• [Assignment]: Copy each line of the records below that has "assumes" in it.

-------- Extracted information

(* Let $G=(V,E)$ be a control flow graph, let $p$ be a predicate node with successors $s_1,s_2$ in $G$ and with at least two successors in $A_p$. If $V_1\cap V_2\neq\emptyset$, then there are no nodes $a,b$ that are DOD on $p$.
   Context: A control flow graph (CFG) is a finite directed graph $G=(V,E)$ in which every node has at most two outgoing edges; nodes with exactly two outgoing edges are predicate nodes. A path from $n_1$ is a nonempty finite or infinite sequence of nodes with each adjacent pair an edge; it is maximal if it is infinite or its last node has no successor. $V_p$ is the set of nodes occurring on all maximal paths from $p$ in $G$. For $V'\subseteq V$, a $V'$-interval from $x$ to $y$ is a finite path $n_1\ldots n_k$ in $G$ with $k\ge 2$, $n_1=x\in V'$, $n_k=y\in V'$, and $n_i\notin V'$ for $1<i<k$. $A_p$ is the directed graph with node set $V_p$ and an edge $(x,y)$ iff there is a $V_p$-interval from $x$ to $y$ in $G$. For $i\in\{1,2\}$, $V_i$ is the set of nodes $n\in V_p$ such that there is a finite path in $G$ from $s_i$ to $n$ whose nodes other than the last one all lie outside $V_p$ (possibly $n=s_i$). For three distinct nodes $p,a,b$ with $p$ a predicate node with successors $s_1,s_2$, the nodes $a,b$ are DOD on $p$ if all maximal paths from $p$ contain both $a$ and $b$, all maximal paths from $s_1$ contain $a$ before any occurrence of $b$, and all maximal paths from $s_2$ contain $b$ before any occurrence of $a$. *)

theory Defs
  imports Main "HOL-Library.Extended_Nat"
begin

definition succs :: "('v \<times> 'v) set \<Rightarrow> 'v \<Rightarrow> 'v set" where
  "succs E n = {m. (n, m) \<in> E}"

definition cfg :: "'v set \<Rightarrow> ('v \<times> 'v) set \<Rightarrow> bool" where
  "cfg V E \<longleftrightarrow> finite V \<and> E \<subseteq> V \<times> V \<and> (\<forall>n \<in> V. card (succs E n) \<le> 2)"

definition pred_node :: "('v \<times> 'v) set \<Rightarrow> 'v \<Rightarrow> 'v \<Rightarrow> 'v \<Rightarrow> bool" where
  "pred_node E p s1 s2 \<longleftrightarrow> s1 \<noteq> s2 \<and> succs E p = {s1, s2}"

definition fpath :: "('v \<times> 'v) set \<Rightarrow> 'v list \<Rightarrow> bool" where
  "fpath E xs \<longleftrightarrow> xs \<noteq> [] \<and> (\<forall>i. Suc i < length xs \<longrightarrow> (xs ! i, xs ! Suc i) \<in> E)"

text \<open>A (finite or infinite) path is represented by a node sequence f together with
  its number of nodes n :: enat (n = \<infinity> for infinite paths, n \<ge> 1).\<close>
definition gpath :: "('v \<times> 'v) set \<Rightarrow> (nat \<Rightarrow> 'v) \<times> enat \<Rightarrow> bool" where
  "gpath E \<pi> \<longleftrightarrow> (case \<pi> of (f, n) \<Rightarrow>
      0 < n \<and> (\<forall>i. enat (Suc i) < n \<longrightarrow> (f i, f (Suc i)) \<in> E))"

definition maximal_path_from :: "('v \<times> 'v) set \<Rightarrow> 'v \<Rightarrow> (nat \<Rightarrow> 'v) \<times> enat \<Rightarrow> bool" where
  "maximal_path_from E x \<pi> \<longleftrightarrow> gpath E \<pi> \<and> fst \<pi> 0 = x \<and>
     (snd \<pi> = \<infinity> \<or> (\<exists>k. snd \<pi> = enat (Suc k) \<and> succs E (fst \<pi> k) = {}))"

definition occurs :: "'v \<Rightarrow> (nat \<Rightarrow> 'v) \<times> enat \<Rightarrow> bool" where
  "occurs x \<pi> \<longleftrightarrow> (\<exists>i. enat i < snd \<pi> \<and> fst \<pi> i = x)"

definition occurs_before :: "'v \<Rightarrow> 'v \<Rightarrow> (nat \<Rightarrow> 'v) \<times> enat \<Rightarrow> bool" where
  "occurs_before a b \<pi> \<longleftrightarrow>
     (\<exists>i. enat i < snd \<pi> \<and> fst \<pi> i = a \<and> (\<forall>j \<le> i. fst \<pi> j \<noteq> b))"

definition Vp :: "'v set \<Rightarrow> ('v \<times> 'v) set \<Rightarrow> 'v \<Rightarrow> 'v set" where
  "Vp V E p = {x \<in> V. \<forall>\<pi>. maximal_path_from E p \<pi> \<longrightarrow> occurs x \<pi>}"

definition interval :: "('v \<times> 'v) set \<Rightarrow> 'v set \<Rightarrow> 'v \<Rightarrow> 'v \<Rightarrow> 'v list \<Rightarrow> bool" where
  "interval E V' x y xs \<longleftrightarrow> fpath E xs \<and> length xs \<ge> 2 \<and> hd xs = x \<and> x \<in> V'
     \<and> last xs = y \<and> y \<in> V' \<and> (\<forall>i. 0 < i \<and> i < length xs - 1 \<longrightarrow> xs ! i \<notin> V')"

text \<open>Edge set of the graph A_p (its node set is V_p).\<close>
definition Ap_edges :: "'v set \<Rightarrow> ('v \<times> 'v) set \<Rightarrow> 'v \<Rightarrow> ('v \<times> 'v) set" where
  "Ap_edges V E p = {(x, y). \<exists>xs. interval E (Vp V E p) x y xs}"

definition Vsucc :: "'v set \<Rightarrow> ('v \<times> 'v) set \<Rightarrow> 'v \<Rightarrow> 'v \<Rightarrow> 'v set" where
  "Vsucc V E p s = {n \<in> Vp V E p. \<exists>xs. fpath E xs \<and> hd xs = s \<and> last xs = n
      \<and> (\<forall>x \<in> set (butlast xs). x \<notin> Vp V E p)}"

definition DOD :: "('v \<times> 'v) set \<Rightarrow> 'v \<Rightarrow> 'v \<Rightarrow> 'v \<Rightarrow> 'v \<Rightarrow> 'v \<Rightarrow> bool" where
  "DOD E p s1 s2 a b \<longleftrightarrow> p \<noteq> a \<and> p \<noteq> b \<and> a \<noteq> b \<and> pred_node E p s1 s2 \<and>
     (\<forall>\<pi>. maximal_path_from E p \<pi> \<longrightarrow> occurs a \<pi> \<and> occurs b \<pi>) \<and>
     (\<forall>\<pi>. maximal_path_from E s1 \<pi> \<longrightarrow> occurs_before a b \<pi>) \<and>
     (\<forall>\<pi>. maximal_path_from E s2 \<pi> \<longrightarrow> occurs_before b a \<pi>)"

end

theory Submission
  imports Defs
begin

text \<open>Take a node n in V_1 \<inter> V_2, reached from s_1 and from s_2 by paths that avoid V_p
  before their last node, and any maximal path \<pi> from n. Since a and b lie on every
  maximal path from p, they belong to V_p, so neither connecting path meets them.
  Prefixing \<pi> with the path from s_1 gives a maximal path from s_1, on which a comes
  before b; as the prefix avoids both, a comes before b already on \<pi>. Symmetrically b
  comes before a on \<pi>, which is absurd.\<close>

lemma maximal_path_from_exists: "\<exists>\<pi>. maximal_path_from E x \<pi>"
proof -
  define step where "step = (\<lambda>y. if succs E y = {} then y else SOME z. (y, z) \<in> E)"
  define g where "g = (\<lambda>i. (step ^^ i) x)"
  have edge: "succs E (g i) \<noteq> {} \<Longrightarrow> (g i, g (Suc i)) \<in> E" for i
    unfolding g_def step_def succs_def by (auto intro: someI)
  show ?thesis
  proof (cases "\<forall>i. succs E (g i) \<noteq> {}")
    case True
    then have "maximal_path_from E x (g, \<infinity>)"
      unfolding maximal_path_from_def gpath_def using edge by (auto simp: g_def)
    then show ?thesis by blast
  next
    case False
    define k where "k = (LEAST i. succs E (g i) = {})"
    have dead_end: "succs E (g k) = {}"
      using False unfolding k_def by (metis (mono_tags, lifting) LeastI)
    have "i < k \<Longrightarrow> succs E (g i) \<noteq> {}" for i
      unfolding k_def using not_less_Least by blast
    then have "maximal_path_from E x (g, enat (Suc k))"
      unfolding maximal_path_from_def gpath_def using edge dead_end
      by (auto simp: g_def zero_enat_def)
    then show ?thesis by blast
  qed
qed

lemma fpath_butlast_subset:
  assumes "fpath E xs" and "E \<subseteq> V \<times> V"
  shows "set (butlast xs) \<subseteq> V"
proof
  fix x assume "x \<in> set (butlast xs)"
  then obtain i where "i < length (butlast xs)" "x = butlast xs ! i"
    by (metis in_set_conv_nth)
  then have "Suc i < length xs" "x = xs ! i" by (auto simp: nth_butlast)
  then have "(x, xs ! Suc i) \<in> E" using assms(1) by (simp add: fpath_def)
  then show "x \<in> V" using assms(2) by blast
qed

text \<open>The finite path xs with its last node replaced by the path (f, m) starting there.\<close>
definition path_prepend :: "'v list \<Rightarrow> (nat \<Rightarrow> 'v) \<Rightarrow> enat \<Rightarrow> (nat \<Rightarrow> 'v) \<times> enat" where
  "path_prepend xs f m =
     (\<lambda>i. if i < length xs - 1 then xs ! i else f (i - (length xs - 1)), m + enat (length xs - 1))"

lemma maximal_path_from_prepend:
  assumes xs: "fpath E xs" "hd xs = s" "last xs = n"
    and \<pi>: "maximal_path_from E n (f, m)"
  shows "maximal_path_from E s (path_prepend xs f m)"
proof -
  define L where "L = length xs - 1"
  define h where "h = (\<lambda>i. if i < L then xs ! i else f (i - L))"
  have prepend: "path_prepend xs f m = (h, m + enat L)"
    unfolding path_prepend_def h_def L_def by simp
  have "xs \<noteq> []" using xs(1) by (simp add: fpath_def)
  then have last_L: "xs ! L = n" using xs(3) by (simp add: L_def last_conv_nth)
  have f0: "f 0 = n" and m_pos: "0 < m"
    and f_edge: "\<And>i. enat (Suc i) < m \<Longrightarrow> (f i, f (Suc i)) \<in> E"
    using \<pi> by (auto simp: maximal_path_from_def gpath_def)
  have xs_edge: "\<And>i. Suc i < length xs \<Longrightarrow> (xs ! i, xs ! Suc i) \<in> E"
    using xs(1) by (simp add: fpath_def)
  have h0: "h 0 = s"
    using xs(2) \<open>xs \<noteq> []\<close> f0 last_L by (auto simp: h_def hd_conv_nth)
  have h_edge: "(h i, h (Suc i)) \<in> E" if "enat (Suc i) < m + enat L" for i
  proof (cases "i < L")
    case True
    then have "Suc i < length xs" by (simp add: L_def)
    moreover have "Suc i < L \<or> Suc i = L" using True by linarith
    then have "h (Suc i) = xs ! Suc i" using last_L f0 by (auto simp: h_def)
    ultimately show ?thesis
      using xs_edge[of i] True by (simp add: h_def)
  next
    case False
    then have "enat (Suc (i - L)) < m" using that by (cases m) auto
    then show ?thesis
      using f_edge[of "i - L"] False by (simp add: h_def Suc_diff_le)
  qed
  have h_end: "m + enat L = \<infinity> \<or> (\<exists>k. m + enat L = enat (Suc k) \<and> succs E (h k) = {})"
  proof (cases m)
    case (enat m')
    then obtain k where "m' = Suc k" "succs E (f k) = {}"
      using \<pi> by (auto simp: maximal_path_from_def)
    then have "m + enat L = enat (Suc (k + L)) \<and> succs E (h (k + L)) = {}"
      using enat by (simp add: h_def)
    then show ?thesis by blast
  qed simp
  have "0 < m + enat L" using m_pos by (cases m) (auto simp: zero_enat_def)
  then show ?thesis
    unfolding prepend maximal_path_from_def gpath_def
    using h0 h_edge h_end by simp
qed

lemma occurs_before_prepend_avoiding:
  assumes "occurs_before a b (path_prepend xs f m)"
    and "a \<notin> set (butlast xs)"
  shows "occurs_before a b (f, m)"
proof -
  define L where "L = length xs - 1"
  obtain i where i: "enat i < m + enat L"
    and at_a: "(if i < L then xs ! i else f (i - L)) = a"
    and no_b: "\<forall>j\<le>i. (if j < L then xs ! j else f (j - L)) \<noteq> b"
    using assms(1) unfolding occurs_before_def path_prepend_def L_def[symmetric] by auto
  have "\<not> i < L"
    using at_a assms(2) by (auto simp: L_def nth_butlast in_set_conv_nth)
  show ?thesis
    unfolding occurs_before_def
  proof (intro exI[of _ "i - L"] conjI allI impI, simp_all)
    show "enat (i - L) < m" using i \<open>\<not> i < L\<close> by (cases m) auto
    show "f (i - L) = a" using at_a \<open>\<not> i < L\<close> by simp
    show "f j \<noteq> b" if "j \<le> i - L" for j
      using no_b[rule_format, of "j + L"] that \<open>\<not> i < L\<close> by simp
  qed
qed

lemma occurs_before_through_avoiding_path:
  assumes "fpath E xs" "hd xs = s" "last xs = n"
    and "a \<notin> set (butlast xs)"
    and "\<forall>\<pi>. maximal_path_from E s \<pi> \<longrightarrow> occurs_before a b \<pi>"
    and "maximal_path_from E n \<pi>"
  shows "occurs_before a b \<pi>"
proof -
  obtain f m where \<pi>: "\<pi> = (f, m)" by fastforce
  have "maximal_path_from E s (path_prepend xs f m)"
    using assms(6) unfolding \<pi> by (rule maximal_path_from_prepend[OF assms(1-3)])
  then have "occurs_before a b (path_prepend xs f m)" using assms(5) by blast
  then show ?thesis
    unfolding \<pi> using assms(4) by (rule occurs_before_prepend_avoiding)
qed

lemma occurs_before_asym: "occurs_before a b \<pi> \<Longrightarrow> \<not> occurs_before b a \<pi>"
  unfolding occurs_before_def by (metis nat_le_linear)

lemma Vsucc_path_avoids:
  assumes "n \<in> Vsucc V E p s" and "E \<subseteq> V \<times> V"
    and "\<forall>\<pi>. maximal_path_from E p \<pi> \<longrightarrow> occurs x \<pi>"
  obtains xs where "fpath E xs" "hd xs = s" "last xs = n" "x \<notin> set (butlast xs)"
proof -
  obtain xs where xs: "fpath E xs" "hd xs = s" "last xs = n"
    and outside: "\<forall>y \<in> set (butlast xs). y \<notin> Vp V E p"
    using assms(1) unfolding Vsucc_def by blast
  have "x \<notin> set (butlast xs)"
  proof
    assume x: "x \<in> set (butlast xs)"
    then have "x \<in> V" using fpath_butlast_subset[OF xs(1) assms(2)] by blast
    then have "x \<in> Vp V E p" using assms(3) by (simp add: Vp_def)
    then show False using outside x by blast
  qed
  with xs that show ?thesis by blast
qed

theorem lemma4p10:
  fixes V :: "'v set" and E :: "('v \<times> 'v) set" and p s1 s2 :: 'v
  assumes "cfg V E"
    and "p \<in> V"
    and "pred_node E p s1 s2"
    and "card {y. (p, y) \<in> Ap_edges V E p} \<ge> 2"
    and "Vsucc V E p s1 \<inter> Vsucc V E p s2 \<noteq> {}"
  shows "\<not> (\<exists>a b. DOD E p s1 s2 a b)"
proof
  assume "\<exists>a b. DOD E p s1 s2 a b"
  then obtain a b where
    on_all: "\<forall>\<pi>. maximal_path_from E p \<pi> \<longrightarrow> occurs a \<pi> \<and> occurs b \<pi>"
    and a_first: "\<forall>\<pi>. maximal_path_from E s1 \<pi> \<longrightarrow> occurs_before a b \<pi>"
    and b_first: "\<forall>\<pi>. maximal_path_from E s2 \<pi> \<longrightarrow> occurs_before b a \<pi>"
    unfolding DOD_def by blast
  have E_V: "E \<subseteq> V \<times> V" using assms(1) by (simp add: cfg_def)
  obtain n where n1: "n \<in> Vsucc V E p s1" and n2: "n \<in> Vsucc V E p s2"
    using assms(5) by blast
  obtain \<pi> where \<pi>: "maximal_path_from E n \<pi>"
    using maximal_path_from_exists[of E n] by blast
  obtain xs1 where "fpath E xs1" "hd xs1 = s1" "last xs1 = n" "a \<notin> set (butlast xs1)"
    using Vsucc_path_avoids[OF n1 E_V, of a] on_all by blast
  then have "occurs_before a b \<pi>"
    using a_first \<pi> by (rule occurs_before_through_avoiding_path)
  moreover
  obtain xs2 where "fpath E xs2" "hd xs2 = s2" "last xs2 = n" "b \<notin> set (butlast xs2)"
    using Vsucc_path_avoids[OF n2 E_V, of b] on_all by blast
  then have "occurs_before b a \<pi>"
    using b_first \<pi> by (rule occurs_before_through_avoiding_path)
  ultimately show False by (auto dest: occurs_before_asym)
qed

end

----------------

• [Solution to this problem]:
  assumes "fpath E xs" and "E \<subseteq> V \<times> V"
  assumes xs: "fpath E xs" "hd xs = s" "last xs = n"
  assumes "occurs_before a b (path_prepend xs f m)"
  assumes "fpath E xs" "hd xs = s" "last xs = n"
  assumes "n \<in> Vsucc V E p s" and "E \<subseteq> V \<times> V"
  assumes "cfg V E"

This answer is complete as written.